• WHAT IS NEEDED: The answer must consist of every line below containing "thus".

Stored data entries
text \<open>At a root \<open>a\<close> the factor \<open>Y ^ (q - 1) - 1\<close> takes the value \<open>-1\<close>, so \<open>Y ^ 2\<close> does not divide
  \<open>X ^ q - X = Y (Y ^ (q - 1) - 1)\<close>.\<close>

lemma alg_mult_frobenius_poly_le_1:
  fixes p n :: nat
  assumes p: "Factorial_Ring.prime p" and char: "[p] \<cdot> \<one> = \<zero>" and "n > 0"
  shows "alg_mult (frobenius_poly (p ^ n)) a \<le> 1"
proof (rule ccontr)
  interpret UP: domain "poly_ring R" using univ_poly_is_domain[OF carrier_is_subring] .
  define P where "P = frobenius_poly (p ^ n)"
  define Y where "Y = [\<one>, \<ominus> a]"
  define Z where "Z = Y [^]\<^bsub>poly_ring R\<^esub> (p ^ n - 1) \<ominus>\<^bsub>poly_ring R\<^esub> \<one>\<^bsub>poly_ring R\<^esub>"
  have P: "P \<in> carrier (poly_ring R)" by (simp add: P_def frobenius_poly_closed)
  assume "\<not> alg_mult (frobenius_poly (p ^ n)) a \<le> 1"
  hence mult: "2 \<le> alg_mult P a" by (simp add: P_def)
  hence a: "a \<in> carrier R" by (auto simp: alg_mult_def split: if_splits)
  have "is_root P a" using alg_mult_gt_zero_iff_is_root[OF P, of a] mult by linarith
  hence "a [^] (p ^ n) = a" using a eval_frobenius_poly P by (auto simp: is_root_def P_def)
  hence P_factor: "P = Y \<otimes>\<^bsub>poly_ring R\<^esub> Z"
    unfolding P_def Y_def Z_def by (rule frobenius_poly_factor[OF p char a])
  have Y: "Y \<in> carrier (poly_ring R)"
    using a by (auto simp: Y_def univ_poly_carrier[symmetric] polynomial_def)
  hence Z: "Z \<in> carrier (poly_ring R)" by (simp add: Z_def)
  interpret E: ring_hom_ring "poly_ring R" R "\<lambda>f. eval f a"
    using eval_ring_hom[OF carrier_is_subring a] .
  have "1 < p ^ n" using p \<open>n > 0\<close> prime_gt_1_nat one_less_power by blast
  moreover have "eval Y a = \<zero>" using a by (simp add: Y_def r_neg)
  ultimately have eval_Z: "eval Z a = \<ominus> \<one>"
    using Y by (simp add: Z_def a_minus_def E.hom_nat_pow nat_pow_zero)
  hence "Z \<noteq> []" by (metis eval.simps(1) minus_minus minus_zero one_closed one_not_zero)
  have "Y [^]\<^bsub>poly_ring R\<^esub> (2::nat) pdivides P"
    unfolding Y_def by (rule le_alg_mult_imp_pdivides[OF a P mult])
  hence "(Y \<otimes>\<^bsub>poly_ring R\<^esub> Y) pdivides (Y \<otimes>\<^bsub>poly_ring R\<^esub> Z)"
    using Y unfolding P_factor by (simp only: numeral_2_eq_2 UP.nat_pow_Suc UP.nat_pow_0 UP.l_one)
  moreover have "Y \<noteq> \<zero>\<^bsub>poly_ring R\<^esub>" by (simp add: Y_def univ_poly_zero)
  ultimately have "Y pdivides Z"
    unfolding pdivides_def using Y Z UP.mult_divides by blast
  hence "is_root Z a" unfolding Y_def by (rule pdivides_imp_is_root[OF \<open>Z \<noteq> []\<close> a])
  thus False using eval_Z by (simp add: is_root_def)
qed
lemma stoch_dominatedI:
  fixes A B :: "nat \<Rightarrow> 'c \<Rightarrow> real"
  assumes C: "prob_space C" and A: "\<And>n. A n \<in> borel_measurable C" and B: "\<And>n. B n \<in> borel_measurable C"
    and law_A: "process_law C A = process_law M X" and law_B: "process_law C B = process_law M' Y"
    and le: "AE \<omega> in C. \<forall>n. A n \<omega> \<le> B n \<omega>"
  shows "stoch_dominated M X M' Y"
proof -
  let ?P = "PiM (UNIV :: nat set) (\<lambda>_. borel :: real measure)"
  have path_A: "(\<lambda>\<omega> n. A n \<omega>) \<in> measurable C ?P" and path_B: "(\<lambda>\<omega> n. B n \<omega>) \<in> measurable C ?P"
    using A B by (auto intro!: measurable_PiM_single' simp: space_PiM)
  have paths: "(\<lambda>\<omega>. (\<lambda>n. A n \<omega>, \<lambda>n. B n \<omega>)) \<in> measurable C (?P \<Otimes>\<^sub>M ?P)"
    using path_A path_B by (rule measurable_Pair)
  define \<Omega> where "\<Omega> = distr C (?P \<Otimes>\<^sub>M ?P) (\<lambda>\<omega>. (\<lambda>n. A n \<omega>, \<lambda>n. B n \<omega>))"
  have sets_\<Omega>: "sets \<Omega> = sets (?P \<Otimes>\<^sub>M ?P)" unfolding \<Omega>_def by simp
  have coord: "(\<lambda>\<omega>. fst \<omega> n) \<in> borel_measurable (?P \<Otimes>\<^sub>M ?P)" "(\<lambda>\<omega>. snd \<omega> n) \<in> borel_measurable (?P \<Otimes>\<^sub>M ?P)" for n
    by measurable
  then have "(\<lambda>\<omega>. fst \<omega> n) \<in> borel_measurable \<Omega>" "(\<lambda>\<omega>. snd \<omega> n) \<in> borel_measurable \<Omega>" for n
    unfolding measurable_cong_sets[OF sets_\<Omega> refl] .
  moreover have "process_law \<Omega> (\<lambda>n \<omega>. fst \<omega> n) = process_law M X"
    using distr_distr[OF measurable_fst paths] law_A by (simp add: process_law_def \<Omega>_def comp_def)
  moreover have "process_law \<Omega> (\<lambda>n \<omega>. snd \<omega> n) = process_law M' Y"
    using distr_distr[OF measurable_snd paths] law_B by (simp add: process_law_def \<Omega>_def comp_def)
  moreover have "AE \<omega> in \<Omega>. \<forall>n. fst \<omega> n \<le> snd \<omega> n"
  proof -
    have "{\<omega> \<in> space (?P \<Otimes>\<^sub>M ?P). \<forall>n. fst \<omega> n \<le> snd \<omega> n} \<in> sets (?P \<Otimes>\<^sub>M ?P)"
      using coord by (intro sets.sets_Collect_countable_All borel_measurable_le)
    then show ?thesis unfolding \<Omega>_def using le by (simp add: AE_distr_iff[OF paths])
  qed
  ultimately show ?thesis
    unfolding stoch_dominated_def using prob_space.prob_space_distr[OF C paths, folded \<Omega>_def]
    by (intro exI[where x=\<Omega>] exI[where x="\<lambda>n \<omega>. fst \<omega> n"] exI[where x="\<lambda>n \<omega>. snd \<omega> n"]) blast
qed
(* Let $H$ be a Hilbert space and $U_{ik}\in B(H)$, $i,k=1,\dots,n$, operators satisfying relations (R1)–(R5). Then each $U_{ik}$ and each $U_{ik}^*$ is a partial isometry.
   Context: $n\ge2$, $\theta\in M_n(\mathbb R)$ skew-symmetric, $\omega_{ij}=e^{2\pi i\theta_{ij}}$. Relations, for all $i,j,k,l\in\{1,\dots,n\}$: (R1) $U_{ik}U_{jl}+\omega_{ji}U_{jk}U_{il}=\omega_{kl}U_{il}U_{jk}+\omega_{ji}\omega_{kl}U_{jl}U_{ik}$; (R2) $\sum_iU_{ik}U_{il}^*=\delta_{kl}1$; (R3) $\sum_iU_{il}^*U_{ik}=\delta_{kl}1$; (R4) $U_{jk}U_{ik}^*=0$ for $i\neq j$; (R5) $U_{ik}^*U_{jk}=0$ for $i\neq j$. *)

theory Defs
  imports Complex_Main
begin

text \<open>HOL-Analysis only provides real inner product spaces.\<close>

class complex_inner = ab_group_add +
  fixes scaleC :: "complex \<Rightarrow> 'a \<Rightarrow> 'a"
    and cinner :: "'a \<Rightarrow> 'a \<Rightarrow> complex"
  assumes scaleC_add_right: "scaleC a (x + y) = scaleC a x + scaleC a y"
    and scaleC_add_left: "scaleC (a + b) x = scaleC a x + scaleC b x"
    and scaleC_scaleC: "scaleC a (scaleC b x) = scaleC (a * b) x"
    and scaleC_one: "scaleC 1 x = x"
    and cinner_add_right: "cinner x (y + z) = cinner x y + cinner x z"
    and cinner_scaleC_right: "cinner x (scaleC a y) = a * cinner x y"
    and cinner_commute: "cinner y x = cnj (cinner x y)"
    and cinner_nonneg: "Re (cinner x x) \<ge> 0"
    and cinner_eq_zero_iff: "cinner x x = 0 \<longleftrightarrow> x = 0"

class chilbert = complex_inner +
  assumes cinner_complete: "\<And>X :: nat \<Rightarrow> 'a.
    (\<forall>e>0. \<exists>N. \<forall>m\<ge>N. \<forall>k\<ge>N. sqrt (Re (cinner (X m - X k) (X m - X k))) < e)
      \<Longrightarrow> (\<exists>L. \<forall>e>0. \<exists>N. \<forall>k\<ge>N. sqrt (Re (cinner (X k - L) (X k - L))) < e)"

definition cnorm :: "'a::complex_inner \<Rightarrow> real" where
  "cnorm x = sqrt (Re (cinner x x))"

definition bounded_op :: "('a::complex_inner \<Rightarrow> 'a) \<Rightarrow> bool" where
  "bounded_op A \<longleftrightarrow> (\<forall>x y. A (x + y) = A x + A y) \<and> (\<forall>c x. A (scaleC c x) = scaleC c (A x))
     \<and> (\<exists>K. \<forall>x. cnorm (A x) \<le> K * cnorm x)"

definition adj :: "('a::complex_inner \<Rightarrow> 'a) \<Rightarrow> ('a \<Rightarrow> 'a)" where
  "adj A = (THE B. \<forall>x y. cinner (A x) y = cinner x (B y))"

definition is_projection :: "('a::complex_inner \<Rightarrow> 'a) \<Rightarrow> bool" where
  "is_projection P \<longleftrightarrow> bounded_op P \<and> P \<circ> P = P \<and> adj P = P"

definition partial_isometry :: "('a::complex_inner \<Rightarrow> 'a) \<Rightarrow> bool" where
  "partial_isometry V \<longleftrightarrow> bounded_op V \<and> is_projection (adj V \<circ> V)"

definition omega :: "(nat \<Rightarrow> nat \<Rightarrow> real) \<Rightarrow> nat \<Rightarrow> nat \<Rightarrow> complex" where
  "omega \<theta> i j = exp (2 * complex_of_real pi * \<i> * complex_of_real (\<theta> i j))"

end

theory Submission
  imports Defs
begin
lemma finite_layer: "finite X \<Longrightarrow> finite (layer s X t)"
  unfolding layer_def by simp

lemma layers_cover:
  assumes "step_closed s X" "0 \<notin> X" "0 < s"
  shows "X = (\<Union>t<s div 2. layer s X t)"
  using step_closed_in_blocks[OF assms(1,2) _ assms(3)] unfolding layer_def by blast

lemma layers_disjoint: "t \<noteq> t' \<Longrightarrow> layer s X t \<inter> layer s X t' = {}"
  unfolding layer_def using Bset_disjoint by blast

lemma card_layer_le: "finite X \<Longrightarrow> card (layer s X t) \<le> s - 1"
  unfolding layer_def by (rule card_subset_Bset) auto

text \<open>A nonempty layer is at least two smaller than the layer below it: with q its
  maximum, the layer below contains the shifts x - (s+2) of all its elements, which
  are at most q - (s+2), together with q - (s+1) and q - s.\<close>
lemma layer_card_step:
  assumes closed: "step_closed s X" and fin: "finite X"
    and ne: "layer s X (Suc t) \<noteq> {}"
  shows "card (layer s X (Suc t)) + 2 \<le> card (layer s X t)"
proof -
  let ?A = "layer s X (Suc t)" and ?B = "layer s X t"
  have finA: "finite ?A" using fin unfolding layer_def by simp
  define q where "q = Max ?A"
  have qA: "q \<in> ?A" using Max_in[OF finA ne] q_def by simp
  have down: "a \<le> x \<and> x - a \<in> ?B" if "x \<in> ?A" "a \<in> {s, s+1, s+2}" for x a
    using Bset_step_down[of x s t a] closed that unfolding layer_def step_closed_def by blast
  define shifted where "shifted = (\<lambda>x. x - (s+2)) ` ?A"
  have "inj_on (\<lambda>x. x - (s+2)) ?A"
  proof (rule inj_onI)
    fix x y assume "x \<in> ?A" "y \<in> ?A" "x - (s+2) = y - (s+2)"
    moreover have "s + 2 \<le> x" "s + 2 \<le> y" using down calculation(1,2) by auto
    ultimately show "x = y" by linarith
  qed
  then have card_shifted: "card shifted = card ?A" unfolding shifted_def by (simp add: card_image)
  have q_big: "s + 2 \<le> q" using down[OF qA] by simp
  have shifted_le: "y \<le> q - (s+2)" if "y \<in> shifted" for y
    using that Max_ge[OF finA] unfolding shifted_def q_def by (auto intro: diff_le_mono)
  have "shifted \<union> {q - (s+1), q - s} \<subseteq> ?B"
    using down[OF qA] down unfolding shifted_def by auto
  then have "card (shifted \<union> {q - (s+1), q - s}) \<le> card ?B"
    using fin unfolding layer_def by (intro card_mono) auto
  moreover have "card (shifted \<union> {q - (s+1), q - s}) = card shifted + 2"
    using shifted_le q_big finA unfolding shifted_def by (fastforce simp: card_insert_if)
  ultimately show ?thesis using card_shifted by simp
qed

section \<open>Compression into top segments\<close>

text \<open>Among all m-element subsets of {..<u}, the top segment {u-m..<u} has the largest
  sum, and it is the only one attaining it: elements outside the segment are all
  smaller than those of the segment missed by A.\<close>
lemma sum_le_top_segment:
  assumes fin: "finite A" and A_sub: "A \<subseteq> {..<u}"
  shows "\<Sum>A \<le> \<Sum>{u - card A..<u}"
    and "A \<noteq> {u - card A..<u} \<Longrightarrow> \<Sum>A < \<Sum>{u - card A..<u}"
proof -
  define T where "T = {u - card A..<u}"
  have "card A \<le> u" using card_mono[OF _ A_sub] by simp
  then have card_T: "card T = card A" unfolding T_def by simp
  have finT: "finite T" unfolding T_def by simp
  have card_diff: "card (A - T) = card (T - A)"
    using card_T fin finT by (simp add: card_Diff_subset_Int Int_commute)
  have below: "x < u - card A" if "x \<in> A - T" for x using that A_sub unfolding T_def by auto
  have above: "u - card A \<le> x" if "x \<in> T - A" for x using that unfolding T_def by auto
  have sum_A: "\<Sum>A = \<Sum>(A \<inter> T) + \<Sum>(A - T)"
    using sum.Int_Diff[OF fin, of id T] by simp
  have sum_T: "\<Sum>T = \<Sum>(A \<inter> T) + \<Sum>(T - A)"
    using sum.Int_Diff[OF finT, of id A] by (simp add: Int_commute)
  have upper: "\<Sum>(A - T) \<le> card (A - T) * (u - card A)"
    using sum_bounded_above[of "A - T" id "u - card A"] below by (simp add: less_imp_le)
  have lower: "card (T - A) * (u - card A) \<le> \<Sum>(T - A)"
    using sum_bounded_below[of "T - A" "u - card A" id] above by simp
  show "\<Sum>A \<le> \<Sum>{u - card A..<u}"
    using sum_A sum_T upper lower card_diff unfolding T_def[symmetric] by simp
  assume "A \<noteq> {u - card A..<u}"
  then have "A - T \<noteq> {}" using card_subset_eq[OF finT _ card_T[symmetric]] T_def by blast
  then have "\<Sum>(A - T) < (\<Sum>x\<in>A - T. u - card A)"
    using fin below by (intro sum_strict_mono) auto
  then show "\<Sum>A < \<Sum>{u - card A..<u}"
    using sum_A sum_T lower card_diff unfolding T_def[symmetric] by simp
qed
theorem mainTheorem12:
  fixes V :: "'v set" and F :: "'v set set" and Zs :: "'v list set"
  assumes "triangulation V F"
    and "z_orientation F Zs"
    and "\<forall>f\<in>F. face_typeI F Zs f"
    and "\<forall>ys\<in>Zs. homogeneous F Zs ys"
    and "card {v\<in>V. vertex_typeI F Zs v} = 2"
  shows "\<exists>n\<ge>3. \<exists>\<phi>. bij_betw \<phi> V (bp_V n) \<and> (\<lambda>f. \<phi> ` f) ` F = bp_F n"
proof -
  obtain A B where AB: "{v\<in>V. vertex_typeI F Zs v} = {A,B}" "A \<noteq> B"
    using assms(5) card_2_iff by metis
  interpret two_typeI_vertices V F Zs A B
  proof
    show "triangulation V F" "z_orientation F Zs" "\<forall>f\<in>F. face_typeI F Zs f"
      "\<forall>ys\<in>Zs. homogeneous F Zs ys" using assms(1-4) .
    show "A \<noteq> B" "A \<in> V" "B \<in> V" using AB by auto
    show "v \<in> V \<Longrightarrow> vertex_typeI F Zs v \<longleftrightarrow> v = A \<or> v = B" for v
      using AB(1) by blast
  qed
  obtain n \<phi> where "3 \<le> n" "bij_betw \<phi> V (bp_V n)" "(\<lambda>f. \<phi> ` f) ` F = bp_F n"
    by (rule bipyramid)
  thus ?thesis by blast
qed

end
(* Let $p\ge1$, $m\in\mathbb N$, $Q\in\mathcal K_o^{1,m}$, $T\in GL_n(\mathbb R)$, and let $L\subset M_{n,m}$ be compact with positive volume. Then $\Gamma_{Q,p}(T.L)=T.\Gamma_{Q,p}L$.
   Context: $M_{k,l}$: real $k\times l$ matrices with inner product $\langle A,B\rangle=\mathrm{tr}(A^t.B)$, identified with $\mathbb R^{kl}$; $A.B$ is matrix product and $T.L=\{T.x:x\in L\}$; $\mathbb R^n\cong M_{n,1}$, $\mathbb R^m\cong M_{1,m}$. $\mathcal K_o^{1,m}$ = convex bodies in $M_{1,m}$ containing the origin. $h_G(x)=\sup_{y\in G}\langle y,x\rangle$. For compact $L\subset M_{n,m}$ of positive volume, $\Gamma_{Q,p}L$ is the convex body in $M_{n,1}$ with $h_{\Gamma_{Q,p}L}(v)^p=\frac1{\mathrm{vol}_{nm}(L)}\int_Lh_Q(v^t.x)^pdx$. *)

theory Defs
  imports "HOL-Analysis.Analysis"
begin

text \<open>Matrices in M_{n,m} are rendered as real^'m^'n (n rows indexed by 'n, m columns
indexed by 'm); the Euclidean inner product on this type is tr(A^t B).
M_{n,1} is identified with real^'n and M_{1,m} with real^'m.
For v in R^n and x in M_{n,m}, the row vector v^t.x is  v v* x.\<close>

definition support_fun :: "'a::real_inner set \<Rightarrow> 'a \<Rightarrow> real" where
  "support_fun G x = (SUP y\<in>G. inner y x)"

definition convex_body :: "'a::euclidean_space set \<Rightarrow> bool" where
  "convex_body K \<longleftrightarrow> compact K \<and> convex K \<and> interior K \<noteq> {}"

definition Gamma_supp :: "(real^'m) set \<Rightarrow> real \<Rightarrow> (real^'m^'n) set \<Rightarrow> real^'n \<Rightarrow> real" where
  "Gamma_supp Q p L v =
     ((1 / measure lebesgue L) * integral L (\<lambda>x. (support_fun Q (v v* x)) powr p)) powr (1 / p)"

definition Gamma :: "(real^'m) set \<Rightarrow> real \<Rightarrow> (real^'m^'n) set \<Rightarrow> (real^'n) set" where
  "Gamma Q p L = {y. \<forall>v. inner y v \<le> Gamma_supp Q p L v}"
(* Let $d=1$. There is a constant $c_1$ depending only on the dimension such that for all $N\ge1$, $$E_Q\left((K(N)-N)^2\right)\le N^2\sum_{n=1}^N\left(c_1c^2_{N,1}N^{1/2}\right)^n.$$
   Context: $P^N_0$ is the uniform probability measure on nearest-neighbour walks $\omega:\{0,\dots,N\}\to\mathbb{Z}$ with $\omega(0)=0$, $|\omega(n)-\omega(n-1)|=1$. The environment $h=\{h(n,x):n\in\mathbb{N},x\in\mathbb{Z}\}$ is i.i.d. with $h(n,x)=\pm1$ each with probability $1/2$ on $(H,\mathcal{G},Q)$, independent of the walk; $E_Q$ is expectation under $Q$. $(c_{N,1})$ is a sequence of positive numbers with $\lim_{N\to\infty}c_{N,1}^2N^{1/2}=0$. $K(N)=\int\prod_{n=1}^N[1+c_{N,1}h(n,\omega(n))]\,\omega(N)^2\,dP^N_0(\omega)$. *)

theory Defs
  imports "HOL-Probability.Probability"
begin

text \<open>Nearest-neighbour walks on Z of length N started at 0, as functions
  on nat that are meaningful on {0..N} and set to 0 beyond N.\<close>
definition walks :: "nat \<Rightarrow> (nat \<Rightarrow> int) set" where
  "walks N = {w. w 0 = 0 \<and> (\<forall>n\<in>{1..N}. \<bar>w n - w (n - 1)\<bar> = 1) \<and> (\<forall>n>N. w n = 0)}"

definition PN :: "nat \<Rightarrow> (nat \<Rightarrow> int) pmf" where
  "PN N = pmf_of_set (walks N)"

definition Qenv :: "(nat \<times> int \<Rightarrow> real) measure" where
  "Qenv = PiM UNIV (\<lambda>_. measure_pmf (pmf_of_set {-1, 1::real}))"

text \<open>K(N) for the environment h and the sequence c (c N = c_{N,1}).\<close>
definition K :: "(nat \<Rightarrow> real) \<Rightarrow> nat \<Rightarrow> (nat \<times> int \<Rightarrow> real) \<Rightarrow> real" where
  "K c N h = (\<integral>w. (\<Prod>n\<in>{1..N}. 1 + c N * h (n, w n)) * (real_of_int (w N))^2 \<partial>(measure_pmf (PN N)))"

end

theory Submission
  imports Defs
begin

(* Write A_w(h) for the product of 1 + c h(n, w n) along a walk w, so that K(N) - N is the
   average over w of w(N)^2 (A_w - 1). Under Q the factors of A_w A_v are independent
   Rademacher moments except where the two walks meet, hence E_Q[(A_w - 1)(A_v - 1)] =
   (1 + c^2)^(number of meetings) - 1. Bounding the resulting quadratic form by its diagonal
   (2 a b <= a^2 + b^2) leaves the fourth moment 3N^2 - 2N of w(N) times the generating function
   of the number of meetings of a walk with a fixed path. Decomposing at the first meeting and
   using P(w t = x) <= 1/sqrt t (central binomial bound) gives E[(1+e)^meetings] - 1 <=
   sum_k (e sum_t 1/sqrt t)^k <= sum_k (2 e sqrt N)^k. *)

section \<open>Simple random walk\<close>

lemma walks_0: "walks 0 = {\<lambda>_. 0}"
  unfolding walks_def by (auto intro!: ext) (metis gr0I)

lemma walks_Suc: "walks (Suc N) = (\<lambda>(w, s). w(Suc N := w N + s)) ` (walks N \<times> {-1, 1})"
proof
  show "walks (Suc N) \<subseteq> (\<lambda>(w, s). w(Suc N := w N + s)) ` (walks N \<times> {-1, 1})"
  proof
    fix v assume v: "v \<in> walks (Suc N)"
    have "\<bar>v (Suc N) - v N\<bar> = 1" using v unfolding walks_def by (auto dest: bspec[of _ _ "Suc N"])
    then have "v (Suc N) - v N \<in> {-1, 1}" by auto
    moreover have "v(Suc N := 0) \<in> walks N" using v unfolding walks_def by auto
    moreover have "v = (v(Suc N := 0))(Suc N := v N + (v (Suc N) - v N))" by auto
    ultimately show "v \<in> (\<lambda>(w, s). w(Suc N := w N + s)) ` (walks N \<times> {-1, 1})"
      by (intro image_eqI[where x = "(v(Suc N := 0), v (Suc N) - v N)"]) auto
  qed
  show "(\<lambda>(w, s). w(Suc N := w N + s)) ` (walks N \<times> {-1, 1}) \<subseteq> walks (Suc N)"
    unfolding walks_def by (auto simp: le_Suc_eq)
qed
section \<open>Dissipativity and the measure-turnpike property\<close>

lemma bounded_functional_on_bounded:
  fixes \<phi> :: "'a::real_normed_vector \<Rightarrow>\<^sub>L real"
  assumes "bounded E"
  shows "\<exists>C\<ge>0. \<forall>x\<in>E. \<bar>blinfun_apply \<phi> x\<bar> \<le> C"
proof -
  obtain R where R: "R \<ge> 0" "\<And>x. x \<in> E \<Longrightarrow> norm x \<le> R"
    using assms unfolding bounded_pos by (auto intro: less_imp_le)
  have "\<bar>blinfun_apply \<phi> x\<bar> \<le> norm \<phi> * R" if "x \<in> E" for x
    using norm_blinfun[of \<phi> x] mult_left_mono[OF R(2)[OF that] norm_ge_zero[of \<phi>]] by simp
  then show ?thesis using R(1) by (intro exI[of _ "norm \<phi> * R"]) auto
qed

lemma storage_function_if_bounded:
  assumes "\<forall>x\<in>E. \<bar>St x\<bar> \<le> C"
  shows "storage_function E St"
  unfolding storage_function_def bdd_below_def bounded_iff
  using assms by (intro conjI ballI exI[of _ "- C"] exI[of _ 1] exI[of _ C]) (auto simp: abs_le_iff)

lemma admissible_borel_measurable:
  fixes G :: "'x::banach \<Rightarrow> 'u::banach \<Rightarrow> real"
  assumes "admissible S f E F T y u" and "continuous_on UNIV (\<lambda>(v, w). G v w)"
  shows "(\<lambda>t. G (y t) (u t)) \<in> borel_measurable (lebesgue_on {0..T})"
proof -
  have "strongly_measurable_on {0..T} u" "continuous_on {0..T} y"
    using assms(1) unfolding admissible_def L2_on_def by auto
  from borel_measurable_comp_strongly_measurable[OF this assms(2)] show ?thesis .
qed

lemma emeasure_le_of_nn_integral_le:
  assumes D: "D \<in> sets M" and c: "c > 0" and ge: "\<And>x. x \<in> D \<Longrightarrow> c \<le> a x"
    and K: "K \<ge> 0" "(\<integral>\<^sup>+ x. ennreal (a x) \<partial>M) \<le> ennreal K"
  shows "emeasure M D \<le> ennreal (K / c)"
proof -
  have "ennreal c * emeasure M D = (\<integral>\<^sup>+ x. ennreal c * indicator D x \<partial>M)"
    using nn_integral_cmult_indicator[OF D] by simp
  also have "\<dots> \<le> (\<integral>\<^sup>+ x. ennreal (a x) \<partial>M)"
    using ge by (intro nn_integral_mono) (auto simp: indicator_def intro!: ennreal_leI)
  also have "\<dots> \<le> ennreal K" by (rule K(2))
  finally have bound: "ennreal c * emeasure M D \<le> ennreal K" .
  then have "emeasure M D \<noteq> \<infinity>"
    using c by (auto simp: ennreal_mult_eq_top_iff top_unique)
  then obtain m where m: "m \<ge> 0" "emeasure M D = ennreal m"
    by (cases "emeasure M D" rule: ennreal_cases) auto
  have "c * m \<le> K"
    using bound m c K(1) by (simp add: ennreal_mult''[symmetric])
  then show ?thesis
    using m c by (simp add: field_simps ennreal_leI)
qed

lemma optimal_excess_cost_nonpos:
  assumes opt: "optimal_dyn S f f0 E F T y u" and T: "T > 0"
    and steady: "admissible S f E F T (\<lambda>_. ys) (\<lambda>_. us)"
    and f0_cont: "continuous_on UNIV (\<lambda>(y, u). f0 y u)"
    and f0_lb: "\<And>a b. b0 \<le> f0 a b"
  shows "ext_int {0..T} (\<lambda>t. f0 (y t) (u t) - f0 ys us) \<le> 0"
proof -
  let ?M = "lebesgue_on {0..T}"
  let ?v = "\<lambda>t. f0 (y t) (u t)"
  have v_meas: "?v \<in> borel_measurable ?M"
    using opt f0_cont admissible_borel_measurable unfolding optimal_dyn_def by blast
  have "cost f0 T y u \<le> cost f0 T (\<lambda>_. ys) (\<lambda>_. us)"
    using opt steady unfolding optimal_dyn_def by blast
  then have "ext_int {0..T} ?v / ereal T \<le> ereal (f0 ys us)"
    using T by (simp add: cost_def ext_int_const)
  then have v_le: "ext_int {0..T} ?v \<le> ereal (f0 ys us * T)"
    using T by (cases "ext_int {0..T} ?v") (auto simp: field_simps)
  then have v_int: "integrable ?M ?v"
    using f0_lb by (intro integrable_if_ext_int_finite[OF v_meas, of b0]) auto
  have c_int: "integrable ?M (\<lambda>t. f0 ys us)"
    by (simp add: finite_measure.integrable_const finite_measure_lebesgue_on)
  have "integral\<^sup>L ?M ?v \<le> f0 ys us * T"
    using v_le by (simp add: ext_int_eq_integral[OF v_int])
  then show ?thesis
    using T ext_int_eq_integral[OF Bochner_Integration.integrable_diff[OF v_int c_int]]
    by (simp add: Bochner_Integration.integral_diff[OF v_int c_int] measure_restrict_space mult.commute)
qed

• TASK ANSWER:
  thus False using eval_Z by (simp add: is_root_def)
  thus ?thesis by blast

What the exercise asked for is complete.